Copy each line of the data beneath in which the word "tlin" appears.

Stored data entries
=-=-=-=-=
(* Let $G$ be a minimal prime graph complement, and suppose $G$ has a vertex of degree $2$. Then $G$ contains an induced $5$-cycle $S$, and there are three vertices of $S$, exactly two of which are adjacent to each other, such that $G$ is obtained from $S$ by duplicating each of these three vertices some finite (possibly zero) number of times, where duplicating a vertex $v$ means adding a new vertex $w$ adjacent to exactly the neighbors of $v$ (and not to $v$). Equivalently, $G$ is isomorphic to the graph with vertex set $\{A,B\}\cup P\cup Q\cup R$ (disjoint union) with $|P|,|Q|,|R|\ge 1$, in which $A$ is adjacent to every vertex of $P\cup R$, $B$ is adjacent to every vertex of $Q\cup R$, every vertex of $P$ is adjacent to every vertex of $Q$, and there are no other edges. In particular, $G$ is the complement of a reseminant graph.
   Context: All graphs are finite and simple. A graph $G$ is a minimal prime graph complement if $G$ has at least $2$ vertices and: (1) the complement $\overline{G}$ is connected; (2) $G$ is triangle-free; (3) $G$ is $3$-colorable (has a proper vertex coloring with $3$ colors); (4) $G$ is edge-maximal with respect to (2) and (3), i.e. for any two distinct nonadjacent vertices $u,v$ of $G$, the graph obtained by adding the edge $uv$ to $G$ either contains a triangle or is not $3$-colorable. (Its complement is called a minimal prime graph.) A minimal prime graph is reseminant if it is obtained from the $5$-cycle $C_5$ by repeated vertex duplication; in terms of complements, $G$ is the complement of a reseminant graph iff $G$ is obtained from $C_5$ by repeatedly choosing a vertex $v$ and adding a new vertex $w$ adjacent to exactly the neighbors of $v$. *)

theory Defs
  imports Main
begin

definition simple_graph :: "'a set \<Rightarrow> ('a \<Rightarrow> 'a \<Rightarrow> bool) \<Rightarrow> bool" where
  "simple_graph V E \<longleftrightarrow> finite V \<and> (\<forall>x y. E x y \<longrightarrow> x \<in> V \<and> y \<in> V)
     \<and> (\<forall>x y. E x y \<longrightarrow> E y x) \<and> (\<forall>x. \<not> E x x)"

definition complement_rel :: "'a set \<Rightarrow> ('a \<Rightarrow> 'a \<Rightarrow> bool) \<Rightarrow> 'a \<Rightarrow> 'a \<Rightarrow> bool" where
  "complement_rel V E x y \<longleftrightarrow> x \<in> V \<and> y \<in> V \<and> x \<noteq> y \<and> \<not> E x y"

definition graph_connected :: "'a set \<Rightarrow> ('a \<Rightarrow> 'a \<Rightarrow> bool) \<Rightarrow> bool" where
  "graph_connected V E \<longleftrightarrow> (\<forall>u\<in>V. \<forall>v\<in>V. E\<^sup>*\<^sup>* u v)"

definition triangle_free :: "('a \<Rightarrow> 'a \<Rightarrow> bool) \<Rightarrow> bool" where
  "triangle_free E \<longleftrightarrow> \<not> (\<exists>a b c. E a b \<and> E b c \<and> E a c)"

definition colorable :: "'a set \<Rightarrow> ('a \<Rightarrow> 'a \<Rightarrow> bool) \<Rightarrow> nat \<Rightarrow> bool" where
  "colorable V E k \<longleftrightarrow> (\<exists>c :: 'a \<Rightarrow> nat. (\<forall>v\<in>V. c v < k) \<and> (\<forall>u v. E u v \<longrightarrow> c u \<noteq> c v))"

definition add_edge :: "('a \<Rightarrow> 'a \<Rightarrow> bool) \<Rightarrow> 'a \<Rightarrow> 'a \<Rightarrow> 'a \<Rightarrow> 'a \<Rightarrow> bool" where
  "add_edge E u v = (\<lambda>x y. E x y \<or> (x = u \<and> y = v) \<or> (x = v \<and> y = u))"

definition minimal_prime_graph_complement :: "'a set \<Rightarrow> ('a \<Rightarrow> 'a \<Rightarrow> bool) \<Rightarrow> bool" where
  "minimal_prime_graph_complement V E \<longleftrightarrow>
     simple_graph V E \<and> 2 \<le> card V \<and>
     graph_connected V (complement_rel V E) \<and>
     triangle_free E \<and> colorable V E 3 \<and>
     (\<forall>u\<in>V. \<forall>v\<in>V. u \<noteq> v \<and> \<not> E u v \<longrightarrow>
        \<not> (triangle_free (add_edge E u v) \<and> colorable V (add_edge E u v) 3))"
=-=-=-=-=
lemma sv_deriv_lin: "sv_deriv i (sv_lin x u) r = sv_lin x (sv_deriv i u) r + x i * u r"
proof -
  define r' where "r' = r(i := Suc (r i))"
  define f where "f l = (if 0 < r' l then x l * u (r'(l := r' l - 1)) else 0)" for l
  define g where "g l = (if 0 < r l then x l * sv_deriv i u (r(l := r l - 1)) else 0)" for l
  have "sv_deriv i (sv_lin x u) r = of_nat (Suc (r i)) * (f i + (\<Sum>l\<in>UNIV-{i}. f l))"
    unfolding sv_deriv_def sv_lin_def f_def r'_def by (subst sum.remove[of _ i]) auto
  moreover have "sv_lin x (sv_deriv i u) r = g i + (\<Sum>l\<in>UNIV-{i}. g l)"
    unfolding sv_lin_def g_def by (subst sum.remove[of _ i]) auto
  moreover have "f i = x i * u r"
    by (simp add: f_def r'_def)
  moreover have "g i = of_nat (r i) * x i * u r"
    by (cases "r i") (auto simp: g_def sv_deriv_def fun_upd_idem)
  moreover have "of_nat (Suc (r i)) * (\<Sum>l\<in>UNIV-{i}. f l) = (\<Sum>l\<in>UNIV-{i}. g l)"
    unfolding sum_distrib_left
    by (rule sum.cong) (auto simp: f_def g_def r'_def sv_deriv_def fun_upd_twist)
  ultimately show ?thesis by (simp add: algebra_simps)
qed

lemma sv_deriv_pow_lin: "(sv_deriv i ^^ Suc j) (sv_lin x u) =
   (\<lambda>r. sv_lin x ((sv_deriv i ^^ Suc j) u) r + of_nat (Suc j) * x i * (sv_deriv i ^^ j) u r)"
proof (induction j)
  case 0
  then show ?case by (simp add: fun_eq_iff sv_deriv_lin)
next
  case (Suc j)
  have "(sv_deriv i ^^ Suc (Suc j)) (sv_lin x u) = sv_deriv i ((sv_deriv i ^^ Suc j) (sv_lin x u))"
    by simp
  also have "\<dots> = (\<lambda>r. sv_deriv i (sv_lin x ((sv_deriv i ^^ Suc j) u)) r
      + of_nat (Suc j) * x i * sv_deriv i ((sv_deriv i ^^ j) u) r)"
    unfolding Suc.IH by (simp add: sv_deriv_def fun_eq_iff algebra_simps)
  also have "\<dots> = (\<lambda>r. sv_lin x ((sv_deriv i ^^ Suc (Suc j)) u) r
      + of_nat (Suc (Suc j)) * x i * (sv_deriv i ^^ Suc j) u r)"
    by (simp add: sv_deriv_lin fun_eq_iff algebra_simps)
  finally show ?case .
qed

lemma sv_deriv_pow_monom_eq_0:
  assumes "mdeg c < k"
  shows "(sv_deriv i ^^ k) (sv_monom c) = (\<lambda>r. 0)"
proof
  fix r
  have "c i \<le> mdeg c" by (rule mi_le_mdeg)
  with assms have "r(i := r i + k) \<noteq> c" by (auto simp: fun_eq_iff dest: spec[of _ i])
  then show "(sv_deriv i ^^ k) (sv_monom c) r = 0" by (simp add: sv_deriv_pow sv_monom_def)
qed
=-=-=-=-=
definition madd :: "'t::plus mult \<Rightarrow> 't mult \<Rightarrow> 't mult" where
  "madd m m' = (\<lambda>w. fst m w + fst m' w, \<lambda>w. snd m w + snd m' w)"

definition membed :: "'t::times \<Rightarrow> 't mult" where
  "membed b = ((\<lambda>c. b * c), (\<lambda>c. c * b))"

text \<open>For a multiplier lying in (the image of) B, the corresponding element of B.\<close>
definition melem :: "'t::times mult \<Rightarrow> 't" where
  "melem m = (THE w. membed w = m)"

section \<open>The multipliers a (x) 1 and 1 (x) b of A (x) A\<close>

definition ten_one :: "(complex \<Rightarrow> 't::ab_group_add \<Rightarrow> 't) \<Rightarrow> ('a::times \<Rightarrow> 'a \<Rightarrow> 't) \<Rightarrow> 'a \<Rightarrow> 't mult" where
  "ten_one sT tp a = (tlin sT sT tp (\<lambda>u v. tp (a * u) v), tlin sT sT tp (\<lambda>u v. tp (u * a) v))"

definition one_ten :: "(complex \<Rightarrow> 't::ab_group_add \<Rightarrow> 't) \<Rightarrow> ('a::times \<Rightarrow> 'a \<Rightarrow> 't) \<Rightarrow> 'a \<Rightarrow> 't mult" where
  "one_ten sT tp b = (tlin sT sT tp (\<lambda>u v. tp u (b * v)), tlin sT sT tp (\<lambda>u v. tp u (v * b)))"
=-=-=-=-=
■ Expected answer ■
  "ten_one sT tp a = (tlin sT sT tp (\<lambda>u v. tp (a * u) v), tlin sT sT tp (\<lambda>u v. tp (u * a) v))"
  "one_ten sT tp b = (tlin sT sT tp (\<lambda>u v. tp u (b * v)), tlin sT sT tp (\<lambda>u v. tp u (v * b)))"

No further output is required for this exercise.